General linear model; fixed, random and mixed effects models; randomized block, incomplete block and Latin square designs; factorial designs; analysis of covariance. Prerequisite: STAT 480 or equivalent.
Random walks; Markov chains; Poisson processes; Wiener processes; queuing and inventory analysis; reliability theory. Prerequisites: STAT 480, STAT 490 or equivalent.
Two-way and three-way contingency tables; measures of association; log-linear, logit and hierarchical models; inferences based on multinomial, Poisson and Chi-Square distributions and residual analysis. Prerequisite: STAT 480 or equivalent.
Linear and multiple regression; analysis of residuals; variable and model selection including stepwise regression; transformations, weighting and diagnostics to correct model inadequacies. Prerequisite: STAT 480 or equivalent.
Statistical theory associated with multivariate normal distribution; Wishart and related distributions; partial and multiple correlations; Hotelling’s statistic; multivariate linear models; classification and discriminant analysis; principal components. Prerequisites: MATH 325, STAT 480 or equivalent.
Estimation, relative precision, optimum allocation and stratum sizes in stratified random sampling; quota sampling; ratio and regression estimates; systematic and cluster sampling. Prerequisite: STAT 382 or equivalent.

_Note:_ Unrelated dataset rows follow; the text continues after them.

lemma flow_dist_nonincreasing:
  fixes V :: "'a::real_inner \<Rightarrow> 'a" and w :: "real \<Rightarrow> 'a"
  assumes flow: "\<And>t. 0 \<le> t \<Longrightarrow> (w has_vector_derivative - V (w t)) (at t within {0..})"
    and inward: "\<And>x. x \<in> ball z r \<Longrightarrow> 0 \<le> V x \<bullet> (x - z)"
    and "0 \<le> t0" "w t0 \<in> ball z r" "t0 \<le> t"
  shows "dist z (w t) \<le> dist z (w t0)"
proof -
  have w_cont: "continuous (at s within {0..}) w" if "0 \<le> s" for s
    using flow[OF that] by (rule has_vector_derivative_continuous)
  then have "continuous_on {0..} w"
    by (simp add: continuous_on_eq_continuous_within)
  then have "continuous_on {t0..t} w"
    by (rule continuous_on_subset) (use \<open>0 \<le> t0\<close> in auto)
  then have "continuous_on {t0..t} (\<lambda>s. dist z (w s))"
    by (intro continuous_intros)
  then show ?thesis
  proof (rule le_at_end_if_locally_nonincreasing)
    fix s
    assume "t0 \<le> s" "s < t" "dist z (w s) \<le> dist z (w t0)"
    then have "0 \<le> s" "w s \<in> ball z r"
      using \<open>0 \<le> t0\<close> \<open>w t0 \<in> ball z r\<close> by auto
    moreover have "continuous (at s within {s..}) w"
      using w_cont[OF \<open>0 \<le> s\<close>] by (rule continuous_within_subset) (use \<open>0 \<le> s\<close> in auto)
    ultimately obtain d where "d > 0" and in_ball: "\<forall>q\<in>{s..s+d}. w q \<in> ball z r"
      using exists_right_step_in_ball by blast
    show "\<exists>\<delta>>0. s + \<delta> \<le> t \<and> (\<forall>s'\<in>{s..s+\<delta>}. dist z (w s') \<le> dist z (w s))"
    proof (intro exI[of _ "min d (t - s)"] conjI ballI)
      fix s'
      assume s': "s' \<in> {s..s + min d (t - s)}"
      show "dist z (w s') \<le> dist z (w s)"
      proof (rule flow_dist_le_while_in_ball[OF flow inward \<open>0 \<le> s\<close>])
        show "s \<le> s'"
          using s' by simp
        show "w q \<in> ball z r" if "q \<in> {s..s'}" for q
          using that s' in_ball by auto
      qed
    qed (use \<open>d > 0\<close> \<open>s < t\<close> in auto)
  qed (use \<open>t0 \<le> t\<close> in simp_all)
qed
(* Assume the setup below and let $\boldsymbol{\lambda}\in\mathcal{P}(l,n)$. There exists a unique $l$-tuple $\tilde{\mathbf{C}}=(\tilde{C}^0,\dots,\tilde{C}^{l-1})$ of strictly decreasing sequences of integers such that (ii) $\tilde{C}_{[t]}=C_{[t]}(\boldsymbol{\lambda})$ as multisets for all $0\le t\le d$; (iii) $\tilde{C}^p\subseteq\tilde{C}^{p-1}$ (as sets) for every $p\in J$ with $p\ne0$; (iv) if $0\in I_0$, then $S^{-1}\tilde{C}^0\subseteq\tilde{C}^{l-1}$. Here $\tilde{C}_{[t]}$ is formed from $\tilde{\mathbf{C}}$ by the same recipe as $C_{[t]}(\boldsymbol{\lambda})$ is formed from $\mathbf{C}(\boldsymbol{\lambda})$.
   Context: Fix positive integers $l,n$. Partitions, Young diagrams, contents, $\mathcal{P}(l,n)$ ($l$-multipartitions of $n$) are as usual. For $r\in\mathbb{Z}$, $\beta^r(\lambda)=(\lambda_i+r+1-i)_{i\ge1}$. For a strictly decreasing integer sequence $C$ and $i\in\mathbb{Z}$, $S^iC=(C_1+i,C_2+i,\dots)$. Parameters: $H_1,\dots,H_{l-1}\in\mathbb{Q}$, $H_0=-(H_1+\dots+H_{l-1})$, $d$ a positive integer with $dH_i\in\mathbb{Z}$. Put $\theta=(1+H_0,H_1,\dots,H_{l-1})$. Let $S_l$ be the permutations of $\{0,\dots,l-1\}$, generated by $s_i$ ($1\le i\le l-1$) transposing $i-1,i$, acting on $\mathbb{Q}^l$ by: $s_i\cdot\theta$ has entry $\theta_{i-1}+\theta_i$ in position $i-1$, $-\theta_i$ in position $i$, $\theta_i+\theta_{i+1}$ in position $i+1$, otherwise unchanged (indices mod $l$). Let $R\subset\mathbb{Z}^l$ be generated by $\alpha_i=-e_{i-1}+2e_i-e_{i+1}$ (indices mod $l$), $\tilde{S}_l=R\rtimes S_l$ acting on $\{\theta\in\mathbb{Q}^l:\sum\theta_i=1\}$ with $R$ by translations, $\mathbb{Z}^l_0$ the integer vectors of coordinate sum $0$, and $\phi(\mathbf{r})=\sum_j(r_{j-1}-r_j)e_j$ (indices mod $l$). Fix $w_\theta=\phi(\mathbf{r})w\in\tilde{S}_l$ ($\mathbf{r}\in\mathbb{Z}^l_0$, $w\in S_l$) with $\boldsymbol{\epsilon}=w_\theta\cdot\theta$ satisfying $0\le\varepsilon_i\le1$; let $J=\{j:\varepsilon_j=0\}$; then $d\boldsymbol{\epsilon}\in\mathbb{Z}^l$. Let $m_i(\mathbf{c})=c_0+\dots+c_i$ and $I_t=\{p:m_p(d\boldsymbol{\epsilon})=t\}$ for $0\le t\le d$. For $\boldsymbol{\lambda}\in\mathcal{P}(l,n)$ put $C^p(\boldsymbol{\lambda})=\beta^{r_p}(\lambda^{(w^{-1}(p))})$ and $\mathbf{C}(\boldsymbol{\lambda})=(C^0,\dots,C^{l-1})$. For $1\le t\le d-1$ let $C_{[t]}$ be the multiset union $\biguplus_{p\in I_t}C^p$, and let $C_{[0]}=C_{[d]}$ be the multiset union $\biguplus_{p\in I_0}S^{-1}C^p\uplus\biguplus_{p\in I_d}C^p$. *)

theory Defs
  imports Complex_Main "HOL-Combinatorics.Transposition"
begin

(* Partitions: \<lambda> :: nat \<Rightarrow> nat, where \<lambda> i is the (i+1)-th part \<lambda>_(i+1). *)
definition is_partition :: "(nat \<Rightarrow> nat) \<Rightarrow> bool" where
  "is_partition la \<longleftrightarrow> (\<forall>i. la (Suc i) \<le> la i) \<and> finite {i. la i \<noteq> 0}"

definition partition_size :: "(nat \<Rightarrow> nat) \<Rightarrow> nat" where
  "partition_size la = (\<Sum>i\<in>{i. la i \<noteq> 0}. la i)"

definition multipartition :: "nat \<Rightarrow> nat \<Rightarrow> (nat \<Rightarrow> nat \<Rightarrow> nat) \<Rightarrow> bool" where
  "multipartition l n la \<longleftrightarrow> (\<forall>p<l. is_partition (la p)) \<and> (\<Sum>p<l. partition_size (la p)) = n"

(* beta^r(\<lambda>), 0-indexed: entry i (i.e. the (i+1)-th) is \<lambda>_(i+1) + r + 1 - (i+1) *)
definition beta :: "int \<Rightarrow> (nat \<Rightarrow> nat) \<Rightarrow> nat \<Rightarrow> int" where
  "beta r la i = int (la i) + r - int i"
(* Let $\kappa$ be a CMF kernel in dimension $D$. For all $\theta_1,\theta_2,\theta_3\in\mathbb R^D$, $\kappa(\theta_1,\theta_2)\,\kappa(\theta_2,\theta_3)\le\kappa(\theta_1,\theta_3)$.
   Context: CMF: $\varphi:[0,\infty)\to\mathbb R$ infinitely differentiable on $(0,\infty)$, right-continuous at $0$, $(-1)^n\varphi^{(n)}(x)\ge0$ for $x>0$, $n\ge0$. A CMF kernel in dimension $D$ is $\kappa(\theta,\theta')=\varphi(\|\theta-\theta'\|_p^p)$ with $\varphi$ a CMF, $\varphi(0)=1$, $\lim_{x\to\infty}\varphi(x)=0$, $0<p\le1$, $\|\theta\|_p^p=\sum_d|\theta[d]|^p$. *)

theory Defs
  imports "HOL-Analysis.Analysis"
begin

text \<open>Completely monotone function (CMF) on [0,\<infinity>): infinitely differentiable on (0,\<infinity>),
  right-continuous at 0, and (-1)^n \<phi>^(n)(x) \<ge> 0 for all x > 0 and n \<ge> 0.
  Values of \<phi> at negative arguments are irrelevant.\<close>
definition CMF :: "(real \<Rightarrow> real) \<Rightarrow> bool" where
  "CMF \<phi> \<longleftrightarrow>
     (\<forall>n::nat. \<forall>x>0. ((deriv ^^ n) \<phi>) differentiable (at x)) \<and>
     continuous (at_right 0) \<phi> \<and>
     (\<forall>n::nat. \<forall>x>0. (-1) ^ n * (deriv ^^ n) \<phi> x \<ge> 0)"

definition pnorm_pow :: "real \<Rightarrow> real ^ 'd \<Rightarrow> real" where
  "pnorm_pow p \<theta> = (\<Sum>d\<in>UNIV. \<bar>\<theta> $ d\<bar> powr p)"

definition CMF_kernel_params :: "(real \<Rightarrow> real) \<Rightarrow> real \<Rightarrow> bool" where
  "CMF_kernel_params \<phi> p \<longleftrightarrow>
     CMF \<phi> \<and> \<phi> 0 = 1 \<and> (\<phi> \<longlongrightarrow> 0) at_top \<and> 0 < p \<and> p \<le> 1"

definition cmf_kernel :: "(real \<Rightarrow> real) \<Rightarrow> real \<Rightarrow> real ^ 'd \<Rightarrow> real ^ 'd \<Rightarrow> real" where
  "cmf_kernel \<phi> p \<theta> \<theta>' = \<phi> (pnorm_pow p (\<theta> - \<theta>'))"

end

theory Submission
  imports Defs
begin
(* For each $\mathrm{X}\in\{\mathbf{O},\mathbf{SO},\mathbf{R}\}$, the $\mathrm{X}$-chase is hereditary: for any factbase $F$, any set of existential rules $\mathcal R$, any $\mathrm{X}$-chase derivation $\mathcal D$ from $F$ and $\mathcal R$, and any $F'\subseteq F$, the restriction $\mathcal D_{|F'}$ of $\mathcal D$ induced by $F'$ is an $\mathrm{X}$-chase derivation.
   Context: First-order setting with constants and variables, no function symbols; a factbase is a set of atoms; a homomorphism from $A$ to $B$ is a substitution $\pi$ with $\pi(A)\subseteq B$. An existential rule $R=(B,H)$ is $\forall\bar x\forall\bar y(B(\bar x,\bar y)\to\exists\bar z\,H(\bar x,\bar z))$; its frontier is $\bar x$. A trigger $(R,\pi)$ on $F$ has $\pi:B\to F$ a homomorphism; $\pi^s$ maps each existential variable $z$ to a fresh variable $z_{(R,\pi)}$; $F\cup\pi^s(H)$ is the immediate derivation. A derivation from $F$ and $\mathcal R$ is a (possibly infinite) sequence $D_0=(\emptyset,\emptyset,F)$, $D_i=(R_i,\pi_i,F_i)$, $F_i$ the immediate derivation from $F_{i-1}$ through $(R_i,\pi_i)$, triggers pairwise distinct. For a derivation with last factbase $F_n$, a trigger $(R,\pi)$ is: $\mathbf{O}$-applicable if $\pi:B\to F_n$ is a homomorphism; $\mathbf{SO}$-applicable if moreover no trigger $(R,\pi')$ already in the derivation has $\pi'$ equal to $\pi$ on the frontier of $R$; $\mathbf{R}$-applicable if $\pi:B\to F_n$ is a homomorphism not extendable to a homomorphism $B\cup H\to F_n$. An $\mathbf{O}$-chase derivation is any derivation; an $\mathbf{SO}$- (resp. $\mathbf{R}$-) chase derivation is one where each trigger is $\mathbf{SO}$- (resp. $\mathbf{R}$-) applicable on its prefix. For $G\subseteq F$, the restriction $\mathcal D_{|G}$ is the maximal derivation from $G$ and $\mathcal R$ whose trigger sequence is a subsequence of the trigger sequence of $\mathcal D$. *)

theory Defs
  imports Main "HOL-Library.Infinite_Set" "HOL-Library.Extended_Nat"
begin

datatype ('c,'x) rterm = RC 'c | RV 'x

type_synonym ('p,'c,'x) ratom = "'p \<times> ('c,'x) rterm list"

type_synonym ('p,'c,'x) rule = "('p,'c,'x) ratom set \<times> ('p,'c,'x) ratom set"

text \<open>Variables occurring in factbases: either base variables, or the fresh
  variable z_(R,pi) created for existential variable z by trigger (R,pi);
  pi is the homomorphism of the trigger, a partial map defined exactly on the
  variables of the body of R.\<close>
datatype ('p,'c,'x,'v) fvar =
    Base 'v
  | Null 'x "('p,'c,'x) rule" "'x \<Rightarrow> ('p,'c,'x,'v) fterm option"
and ('p,'c,'x,'v) fterm = FC 'c | FV "('p,'c,'x,'v) fvar"

type_synonym ('p,'c,'x,'v) fatom = "'p \<times> ('p,'c,'x,'v) fterm list"
type_synonym ('p,'c,'x,'v) factbase = "('p,'c,'x,'v) fatom set"
type_synonym ('p,'c,'x,'v) trigger =
  "('p,'c,'x) rule \<times> ('x \<Rightarrow> ('p,'c,'x,'v) fterm option)"

fun rvars_term :: "('c,'x) rterm \<Rightarrow> 'x set" where
  "rvars_term (RC c) = {}"
| "rvars_term (RV x) = {x}"

definition rvars :: "('p,'c,'x) ratom set \<Rightarrow> 'x set" where
  "rvars A = (\<Union>a\<in>A. \<Union>t\<in>set (snd a). rvars_term t)"

definition body :: "('p,'c,'x) rule \<Rightarrow> ('p,'c,'x) ratom set" where
  "body R = fst R"

definition head :: "('p,'c,'x) rule \<Rightarrow> ('p,'c,'x) ratom set" where
  "head R = snd R"

definition frontier :: "('p,'c,'x) rule \<Rightarrow> 'x set" where
  "frontier R = rvars (body R) \<inter> rvars (head R)"

fun subst_term :: "('x \<Rightarrow> ('p,'c,'x,'v) fterm) \<Rightarrow> ('c,'x) rterm \<Rightarrow> ('p,'c,'x,'v) fterm" where
  "subst_term \<sigma> (RC c) = FC c"
| "subst_term \<sigma> (RV x) = \<sigma> x"

definition subst_atom :: "('x \<Rightarrow> ('p,'c,'x,'v) fterm) \<Rightarrow> ('p,'c,'x) ratom \<Rightarrow> ('p,'c,'x,'v) fatom" where
  "subst_atom \<sigma> a = (fst a, map (subst_term \<sigma>) (snd a))"

definition subst_set :: "('x \<Rightarrow> ('p,'c,'x,'v) fterm) \<Rightarrow> ('p,'c,'x) ratom set \<Rightarrow> ('p,'c,'x,'v) factbase" where
  "subst_set \<sigma> A = subst_atom \<sigma> ` A"

definition is_hom :: "('x \<Rightarrow> ('p,'c,'x,'v) fterm option) \<Rightarrow> ('p,'c,'x) ratom set \<Rightarrow> ('p,'c,'x,'v) factbase \<Rightarrow> bool" where
  "is_hom \<pi> B F \<longleftrightarrow> dom \<pi> = rvars B \<and> subst_set (\<lambda>x. the (\<pi> x)) B \<subseteq> F"

definition pi_safe :: "('p,'c,'x) rule \<Rightarrow> ('x \<Rightarrow> ('p,'c,'x,'v) fterm option) \<Rightarrow> 'x \<Rightarrow> ('p,'c,'x,'v) fterm" where
  "pi_safe R \<pi> x = (if x \<in> rvars (body R) then the (\<pi> x) else FV (Null x R \<pi>))"

definition trig_output :: "('p,'c,'x,'v) trigger \<Rightarrow> ('p,'c,'x,'v) factbase" where
  "trig_output t = subst_set (pi_safe (fst t) (snd t)) (head (fst t))"

text \<open>A derivation from F is given by its length (possibly infinite) and the
  sequence of triggers trig 0, trig 1, ... (trig i is the trigger of D_(i+1)).
  fb F trig i is the factbase F_i.\<close>
primrec fb :: "('p,'c,'x,'v) factbase \<Rightarrow> (nat \<Rightarrow> ('p,'c,'x,'v) trigger) \<Rightarrow> nat \<Rightarrow> ('p,'c,'x,'v) factbase" where
  "fb F trig 0 = F"
| "fb F trig (Suc i) = fb F trig i \<union> trig_output (trig i)"

definition O_applicable :: "('p,'c,'x,'v) factbase \<Rightarrow> ('p,'c,'x,'v) trigger \<Rightarrow> bool" where
  "O_applicable Fn t \<longleftrightarrow> is_hom (snd t) (body (fst t)) Fn"

definition SO_applicable :: "('p,'c,'x,'v) trigger set \<Rightarrow> ('p,'c,'x,'v) factbase \<Rightarrow> ('p,'c,'x,'v) trigger \<Rightarrow> bool" where
  "SO_applicable prev Fn t \<longleftrightarrow> O_applicable Fn t \<and>
     \<not> (\<exists>\<pi>'. (fst t, \<pi>') \<in> prev \<and> (\<forall>x\<in>frontier (fst t). \<pi>' x = snd t x))"

definition R_applicable :: "('p,'c,'x,'v) factbase \<Rightarrow> ('p,'c,'x,'v) trigger \<Rightarrow> bool" where
  "R_applicable Fn t \<longleftrightarrow> O_applicable Fn t \<and>
     \<not> (\<exists>\<sigma>. (\<forall>x\<in>rvars (body (fst t)). snd t x = Some (\<sigma> x)) \<and>
            subst_set \<sigma> (body (fst t) \<union> head (fst t)) \<subseteq> Fn)"

datatype chase_kind = Oblivious | SemiOblivious | Restricted

fun applicable :: "chase_kind \<Rightarrow> ('p,'c,'x,'v) trigger set \<Rightarrow> ('p,'c,'x,'v) factbase \<Rightarrow> ('p,'c,'x,'v) trigger \<Rightarrow> bool" where
  "applicable Oblivious prev Fn t = O_applicable Fn t"
| "applicable SemiOblivious prev Fn t = SO_applicable prev Fn t"
| "applicable Restricted prev Fn t = R_applicable Fn t"

definition is_derivation :: "('p,'c,'x) rule set \<Rightarrow> ('p,'c,'x,'v) factbase \<Rightarrow> enat \<Rightarrow> (nat \<Rightarrow> ('p,'c,'x,'v) trigger) \<Rightarrow> bool" where
  "is_derivation RS F len trig \<longleftrightarrow>
     (\<forall>i. enat i < len \<longrightarrow> fst (trig i) \<in> RS \<and> O_applicable (fb F trig i) (trig i)) \<and>
     (\<forall>i j. enat i < len \<longrightarrow> enat j < len \<longrightarrow> i \<noteq> j \<longrightarrow> trig i \<noteq> trig j)"

text \<open>X-chase derivation: each trigger is X-applicable on its prefix, whose last
  factbase is F_i and whose triggers are trig 0, ..., trig (i-1).\<close>
definition is_chase_derivation :: "chase_kind \<Rightarrow> ('p,'c,'x) rule set \<Rightarrow> ('p,'c,'x,'v) factbase \<Rightarrow> enat \<Rightarrow> (nat \<Rightarrow> ('p,'c,'x,'v) trigger) \<Rightarrow> bool" where
  "is_chase_derivation X RS F len trig \<longleftrightarrow> is_derivation RS F len trig \<and>
     (\<forall>i. enat i < len \<longrightarrow> applicable X (trig ` {..<i}) (fb F trig i) (trig i))"

text \<open>rfb G len trig i: last factbase of the restriction after scanning the first i
  triggers of D; a trigger of D is kept iff it is a trigger on the current factbase.\<close>
primrec rfb :: "('p,'c,'x,'v) factbase \<Rightarrow> enat \<Rightarrow> (nat \<Rightarrow> ('p,'c,'x,'v) trigger) \<Rightarrow> nat \<Rightarrow> ('p,'c,'x,'v) factbase" where
  "rfb G len trig 0 = G"
| "rfb G len trig (Suc i) =
     (if enat i < len \<and> O_applicable (rfb G len trig i) (trig i)
      then rfb G len trig i \<union> trig_output (trig i) else rfb G len trig i)"

definition kept :: "('p,'c,'x,'v) factbase \<Rightarrow> enat \<Rightarrow> (nat \<Rightarrow> ('p,'c,'x,'v) trigger) \<Rightarrow> nat set" where
  "kept G len trig = {i. enat i < len \<and> O_applicable (rfb G len trig i) (trig i)}"

definition restr_len :: "('p,'c,'x,'v) factbase \<Rightarrow> enat \<Rightarrow> (nat \<Rightarrow> ('p,'c,'x,'v) trigger) \<Rightarrow> enat" where
  "restr_len G len trig = (if finite (kept G len trig) then enat (card (kept G len trig)) else \<infinity>)"

definition restr_trig :: "('p,'c,'x,'v) factbase \<Rightarrow> enat \<Rightarrow> (nat \<Rightarrow> ('p,'c,'x,'v) trigger) \<Rightarrow> nat \<Rightarrow> ('p,'c,'x,'v) trigger" where
  "restr_trig G len trig j = trig (enumerate (kept G len trig) j)"

end

theory Submission
  imports Defs
begin

text \<open>Every restricted factbase is contained in the corresponding factbase
  of the original derivation, and the triggers applied before a kept trigger are among those
  applied before it originally. Since O-, SO- and R-applicability of a trigger whose body maps
  are preserved when both the factbase and the set of earlier triggers shrink, every kept
  trigger is applicable in the same sense as in the original derivation.\<close>

lemma applicable_antimono:
  assumes "applicable X P F t" and "P' \<subseteq> P" and "F' \<subseteq> F" and "O_applicable F' t"
  shows "applicable X P' F' t"
  using assms by (cases X) (auto simp: SO_applicable_def R_applicable_def, blast)

lemma fb_eq_Union: "fb G t j = G \<union> (\<Union>k<j. trig_output (t k))"
  by (induction j) (auto simp: lessThan_Suc)

lemma rfb_eq_Union:
  "rfb G len trig i = G \<union> (\<Union>k\<in>{k\<in>kept G len trig. k < i}. trig_output (trig k))"
proof (induction i)
  case (Suc i)
  have "{k\<in>kept G len trig. k < Suc i} = {k\<in>kept G len trig. k < i} \<union>
      (if enat i < len \<and> O_applicable (rfb G len trig i) (trig i) then {i} else {})"
    by (auto simp: kept_def less_Suc_eq)
  with Suc show ?case by auto
qed simp

lemma rfb_subset_fb: "G \<subseteq> F \<Longrightarrow> rfb G len trig i \<subseteq> fb F trig i"
  by (induction i) auto

lemma enumerate_in_set_nat:
  fixes K :: "nat set"
  assumes "finite K \<Longrightarrow> j < card K"
  shows "enumerate K j \<in> K"
  using assms by (cases "finite K") (auto intro: finite_enumerate_in_set enumerate_in_set)

lemma enumerate_mono_nat:
  fixes K :: "nat set"
  assumes "k < j" and "finite K \<Longrightarrow> j < card K"
  shows "enumerate K k < enumerate K j"
  using assms by (cases "finite K") (auto intro: finite_enumerate_mono enumerate_mono)

lemma enumerate_image_lessThan:
  fixes K :: "nat set"
  assumes j: "finite K \<Longrightarrow> j < card K"
  shows "enumerate K ` {..<j} = {i\<in>K. i < enumerate K j}"
proof (intro equalityI subsetI)
  fix i assume "i \<in> enumerate K ` {..<j}"
  then obtain k where "k < j" "i = enumerate K k" by auto
  with j show "i \<in> {i\<in>K. i < enumerate K j}"
    by (auto intro: enumerate_in_set_nat enumerate_mono_nat)
next
  fix i assume i: "i \<in> {i\<in>K. i < enumerate K j}"
  then obtain k where k: "enumerate K k = i" and k_range: "finite K \<Longrightarrow> k < card K"
    using finite_enumerate_Ex[of K i] enumerate_Ex[of K i] by blast
  have "k < j"
  proof (rule ccontr)
    assume "\<not> k < j"
    then have "enumerate K j \<le> enumerate K k"
      using k_range enumerate_mono_nat[of j k K] by (cases "j = k") auto
    with i k show False by auto
  qed
  with k show "i \<in> enumerate K ` {..<j}" by auto
qed

lemma enat_less_restr_len_iff:
  "enat j < restr_len G len trig \<longleftrightarrow>
     (finite (kept G len trig) \<longrightarrow> j < card (kept G len trig))"
  by (simp add: restr_len_def)

lemma restr_trig_kept:
  assumes "enat j < restr_len G len trig"
  shows "enumerate (kept G len trig) j \<in> kept G len trig"
  using assms by (auto simp: enat_less_restr_len_iff intro: enumerate_in_set_nat)

lemma fb_restr_trig:
  assumes "enat j < restr_len G len trig"
  shows "fb G (restr_trig G len trig) j = rfb G len trig (enumerate (kept G len trig) j)"
proof -
  let ?e = "enumerate (kept G len trig)"
  have "fb G (restr_trig G len trig) j = G \<union> (\<Union>i\<in>?e ` {..<j}. trig_output (trig i))"
    by (simp add: fb_eq_Union restr_trig_def)
  also have "\<dots> = rfb G len trig (?e j)"
    using assms by (simp add: rfb_eq_Union enumerate_image_lessThan enat_less_restr_len_iff)
  finally show ?thesis .
qed

lemma restr_trig_image_lessThan:
  assumes "enat j < restr_len G len trig"
  shows "restr_trig G len trig ` {..<j} \<subseteq> trig ` {..<enumerate (kept G len trig) j}"
  using assms by (auto simp: restr_trig_def enat_less_restr_len_iff intro: enumerate_mono_nat)

lemma is_derivation_restr:
  assumes "is_derivation RS F len trig"
  shows "is_derivation RS G (restr_len G len trig) (restr_trig G len trig)"
  unfolding is_derivation_def
proof (intro conjI allI impI)
  fix j assume j: "enat j < restr_len G len trig"
  then have "enumerate (kept G len trig) j \<in> kept G len trig"
    by (rule restr_trig_kept)
  with assms j show "fst (restr_trig G len trig j) \<in> RS"
    and "O_applicable (fb G (restr_trig G len trig) j) (restr_trig G len trig j)"
    by (auto simp: is_derivation_def kept_def restr_trig_def fb_restr_trig)
next
  fix i j
  assume i: "enat i < restr_len G len trig" and j: "enat j < restr_len G len trig"
    and "i \<noteq> j"
  then have "enumerate (kept G len trig) i \<noteq> enumerate (kept G len trig) j"
    by (metis enat_less_restr_len_iff enumerate_mono_nat less_irrefl nat_neq_iff)
  with assms restr_trig_kept[OF i] restr_trig_kept[OF j]
  show "restr_trig G len trig i \<noteq> restr_trig G len trig j"
    by (auto simp: is_derivation_def kept_def restr_trig_def)
qed

theorem proposition3:
  fixes X :: chase_kind
    and RS :: "('p,'c,'x) rule set"
    and F F' :: "('p,'c,'x,'v) factbase"
    and len :: enat
    and trig :: "nat \<Rightarrow> ('p,'c,'x,'v) trigger"
  assumes "is_chase_derivation X RS F len trig"
    and "F' \<subseteq> F"
  shows "is_chase_derivation X RS F' (restr_len F' len trig) (restr_trig F' len trig)"
proof -
  have "applicable X (restr_trig F' len trig ` {..<j}) (fb F' (restr_trig F' len trig) j)
      (restr_trig F' len trig j)" if j: "enat j < restr_len F' len trig" for j
  proof -
    define i where "i = enumerate (kept F' len trig) j"
    have "enat i < len" and O_app: "O_applicable (rfb F' len trig i) (trig i)"
      using restr_trig_kept[OF j] by (auto simp: i_def kept_def)
    then have "applicable X (trig ` {..<i}) (fb F trig i) (trig i)"
      using assms(1) by (simp add: is_chase_derivation_def)
    then have "applicable X (restr_trig F' len trig ` {..<j}) (rfb F' len trig i) (trig i)"
      using restr_trig_image_lessThan[OF j] rfb_subset_fb[OF assms(2)] O_app
      unfolding i_def by (rule applicable_antimono)
    then show ?thesis
      by (simp add: fb_restr_trig[OF j] restr_trig_def i_def)
  qed
  with assms(1) show ?thesis
    by (auto simp: is_chase_derivation_def intro: is_derivation_restr)
qed

end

General linear model; fixed, random and mixed effects models; randomized block, incomplete block and Latin square designs; factorial designs; analysis of covariance. Prerequisites: Instructor’s or graduate program coordinator permission.
This course focuses on building computational abilities, inferential thinking, and practical skills for tackling core data scientific challenges, and covers predictive modeling methods, approaches and tools.